Cells.Find(What:="left in stock", LookIn:= xlFormulas, _ LookAt:=xlPart, SearchOrder:=xlByRows, SearchDirection:= _ xlNext, MatchCase:=False).Activate
Execute the Find method. In this case, where you are looking for the number of units in stock, there is a particular, invariant string value that locates the cell we’re after: "left in stock". Therefore, you don’t need to pass a different string to the procedure as an argument, depending on which book we’re querying.
- FoundString = ActiveCell
The contents of the cell that Find found are assigned to the FoundString variable.
- StartPos = InStr(FoundString, "Only ") + 5
The InStr function returns the position in the searched string where "Only " starts. Therefore, add the five characters in "Only " to the result of InStr to locate the position where the number left in stock begins.
- StopPos = InStr(FoundString, " left in")
StopPos locates the position where " left in" begins.
- GetUnitsLeft = 1 * Mid(FoundString, StartPos, StopPos - StartPos)
Finally, look in FoundString starting at StartPos and use the Mid function to strip out as many characters as the difference between StopPos and StartPos. Multiply by 1 to convert the result from a text string to a number, and assign the result to the function.
- Exit Function
The Exit statement returns control to the calling statement. In case an error occurred, though, control has already passed to the Nodata label.
- Nodata:
More often than not the reorder point for a product has not been reached, and so an error usually occurs. When it does, control comes here and you simply end the function. Recall that you began by assigning the function the value of -1, so if the string you’re looking for could not be found then the function retains the value of -1 and passes that value back to the calling statement.
- End Function
The RefreshSheets Subroutine
This subroutine runs once for each query sheet. It’s called by the main GetNewData subroutine.

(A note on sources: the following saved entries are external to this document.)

section \<open>Local maximality\<close>

lemma not_in_span_of_strict_gap:
  fixes \<Phi> :: "nat \<Rightarrow> real^'d" and v :: "(nat \<Rightarrow> nat) \<Rightarrow> real^'d"
  assumes "S \<le> K"
    and gap: "\<And>p I. p \<in> perms K \<Longrightarrow> I \<subseteq> {1..K} \<Longrightarrow> card I \<le> S \<Longrightarrow> I \<noteq> leading_atoms K S p \<Longrightarrow>
               norm (P I \<Phi> (v p)) < norm (P (leading_atoms K S p) \<Phi> (v p))"
    and I: "I \<subseteq> {1..K}" "card I \<le> S" and "k \<in> I"
  shows "\<Phi> k \<notin> span (\<Phi> ` (I - {k}))"
proof
  assume k_span: "\<Phi> k \<in> span (\<Phi> ` (I - {k}))"
  have "finite I" using I(1) finite_subset by blast
  \<comment> \<open>enlarge I to a set of exactly S atoms, which is the leading set of some permutation\<close>
  have "S - card I \<le> card ({1..K} - I)" using I \<open>S \<le> K\<close> \<open>finite I\<close> by (simp add: card_Diff_subset)
  then obtain T where T: "T \<subseteq> {1..K} - I" "card T = S - card I" "finite T"
    by (rule obtain_subset_with_card_n)
  define J where "J = I \<union> T"
  have "card J = S" unfolding J_def using T I \<open>finite I\<close> by (subst card_Un_disjoint) auto
  moreover have "J \<subseteq> {1..K}" "k \<in> J" unfolding J_def using I T \<open>k \<in> I\<close> by auto
  ultimately have J: "J \<subseteq> {1..K}" "card J = S" "k \<in> J" by simp_all
  obtain p where p: "p permutes {1..K}" "leading_atoms K S p = J"
    using permutes_with_leading_atoms[OF J(1,2) \<open>S \<le> K\<close>] by blast
  have "\<Phi> k \<in> span (\<Phi> ` (J - {k}))"
    using k_span span_mono[of "\<Phi> ` (I - {k})" "\<Phi> ` (J - {k})"] unfolding J_def by auto
  then have "span (insert (\<Phi> k) (\<Phi> ` (J - {k}))) = span (\<Phi> ` (J - {k}))"
    by (rule span_redundant)
  moreover have "insert (\<Phi> k) (\<Phi> ` (J - {k})) = \<Phi> ` J" using \<open>k \<in> J\<close> by auto
  ultimately have "span (\<Phi> ` J) = span (\<Phi> ` (J - {k}))" by simp
  then have "P J \<Phi> = P (J - {k}) \<Phi>" unfolding P_def by (intro ext proj_span_cong)
  moreover have "norm (P (J - {k}) \<Phi> (v p)) < norm (P J \<Phi> (v p))"
    using gap[of p "J - {k}"] p J by (auto simp: perms_def card_Diff_singleton_if)
  ultimately show False by simp
qed

definition leading_atoms_optimal ::
    "nat \<Rightarrow> nat \<Rightarrow> (nat \<Rightarrow> real^'d) \<Rightarrow> (nat \<Rightarrow> real) \<Rightarrow> (nat \<Rightarrow> real^'d) \<Rightarrow> bool" where
  "leading_atoms_optimal K S \<Phi> c \<Psi> \<longleftrightarrow>
     (\<forall>p\<in>perms K. \<forall>\<sigma>\<in>signs K. \<forall>I\<in>{I. I \<subseteq> {1..K} \<and> card I \<le> S}.
        norm (P I \<Psi> (synth K \<Phi> (c_ps c p \<sigma>)))
          \<le> norm (P (leading_atoms K S p) \<Psi> (synth K \<Phi> (c_ps c p \<sigma>))))"

lemma eventually_leading_atoms_optimal:
  fixes \<Phi> :: "nat \<Rightarrow> real^'d" and c :: "nat \<Rightarrow> real"
  assumes indep: "\<And>I k. I \<subseteq> {1..K} \<Longrightarrow> card I \<le> S \<Longrightarrow> k \<in> I \<Longrightarrow> \<Phi> k \<notin> span (\<Phi> ` (I - {k}))"
    and gap: "\<And>p \<sigma> I. p \<in> perms K \<Longrightarrow> \<sigma> \<in> signs K \<Longrightarrow> I \<subseteq> {1..K} \<Longrightarrow> card I \<le> S \<Longrightarrow>
               I \<noteq> leading_atoms K S p \<Longrightarrow>
               norm (P I \<Phi> (synth K \<Phi> (c_ps c p \<sigma>)))
                 < norm (P (leading_atoms K S p) \<Phi> (synth K \<Phi> (c_ps c p \<sigma>)))"
  shows "eventually (leading_atoms_optimal K S \<Phi> c) (dict_nhds K \<Phi>)"
proof -
  have "finite {I. I \<subseteq> {1..K} \<and> card I \<le> S}" by (rule finite_subset[of _ "Pow {1..K}"]) auto
  moreover have "finite (signs K)" unfolding signs_def by (intro finite_PiE) auto
  moreover have "eventually (\<lambda>\<Psi>. norm (P I \<Psi> (synth K \<Phi> (c_ps c p \<sigma>)))
          \<le> norm (P (leading_atoms K S p) \<Psi> (synth K \<Phi> (c_ps c p \<sigma>)))) (dict_nhds K \<Phi>)"
    if hyps: "p \<in> perms K" "\<sigma> \<in> signs K" "I \<subseteq> {1..K}" "card I \<le> S" for p \<sigma> I
  proof (cases "I = leading_atoms K S p")
    case False
    obtain g where "\<And>k j. k \<in> I \<Longrightarrow> j \<in> I \<Longrightarrow> inner (g k) (\<Phi> j) = (if j = k then 1 else 0)"
      using biorthogonal_exists[of I \<Phi>] indep[OF hyps(3,4)] by blast
    from eventually_norm_proj_span_le[OF hyps(3) leading_atoms_subset this]
    show ?thesis using gap[OF hyps False] unfolding P_def by blast
  qed simp
  ultimately show ?thesis
    unfolding leading_atoms_optimal_def by (intro eventually_ball_finite ballI finite_perms) auto
qed

lemma objective_eq_oracle_objective:
  fixes \<Phi> \<Psi> :: "nat \<Rightarrow> real^'d" and c :: "nat \<Rightarrow> real"
  assumes "S \<le> K" and opt: "leading_atoms_optimal K S \<Phi> c \<Psi>"
  shows "objective K S \<Phi> c \<Psi> = oracle_objective K S \<Phi> c \<Psi> / fact K"
proof -
  have "Max {(norm (P I \<Psi> (synth K \<Phi> (c_ps c p \<sigma>))))\<^sup>2 | I. I \<subseteq> {1..K} \<and> card I \<le> S}
      = (norm (P (leading_atoms K S p) \<Psi> (synth K \<Phi> (c_ps c p \<sigma>))))\<^sup>2"
    if p: "p \<in> perms K" and \<sigma>: "\<sigma> \<in> signs K" for p \<sigma>
  proof (rule Max_eqI)
    show "finite {(norm (P I \<Psi> (synth K \<Phi> (c_ps c p \<sigma>))))\<^sup>2 | I. I \<subseteq> {1..K} \<and> card I \<le> S}"
      using finite_subset[of "{I. I \<subseteq> {1..K} \<and> card I \<le> S}" "Pow {1..K}"] by auto
    show "(norm (P (leading_atoms K S p) \<Psi> (synth K \<Phi> (c_ps c p \<sigma>))))\<^sup>2
        \<in> {(norm (P I \<Psi> (synth K \<Phi> (c_ps c p \<sigma>))))\<^sup>2 | I. I \<subseteq> {1..K} \<and> card I \<le> S}"
      using p \<open>S \<le> K\<close> leading_atoms_subset card_leading_atoms unfolding perms_def by fastforce
  qed (use opt p \<sigma> in \<open>auto simp: leading_atoms_optimal_def intro!: power_mono\<close>)
  then have "objective K S \<Phi> c \<Psi> = (1 / (2 ^ K * fact K)) *
      (\<Sum>p\<in>perms K. \<Sum>\<sigma>\<in>signs K. (norm (P (leading_atoms K S p) \<Psi> (synth K \<Phi> (c_ps c p \<sigma>))))\<^sup>2)"
    unfolding objective_def by simp
  also have "\<dots> = oracle_objective K S \<Phi> c \<Psi> / fact K"
    unfolding oracle_objective_def P_def
    by (simp add: sum_signs_norm_proj_span_synth_sq sum_distrib_left[symmetric])
  finally show ?thesis .
qed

- Sub RefreshSheets(SheetName As String)
The name of the query sheet is passed as an argument.
- With ThisWorkbook.Sheets(SheetName)
A With block is initiated so that subsequent objects, properties, and methods that begin with a dot are taken to belong to the sheet named SheetName in ThisWorkbook.
- .Activate
The current query sheet is activated so that its query can be run.
- .Cells(1, 1).Select
Select cell A1. Earlier I recommended that you cause the queries to return their results beginning in cell A1. If you adopt that recommendation, you know that the query results include that cell A1 and that if you select it you’re able to refresh the query. (It’s necessary that a cell in the query results range be active for the refresh to take place.)
- Selection.QueryTable.Refresh BackgroundQuery:=False
Refresh the query. Set BackgroundQuery to False so that the code does not continue while the refresh is taking place.
End With End Sub
Terminate the With block and end the subroutine.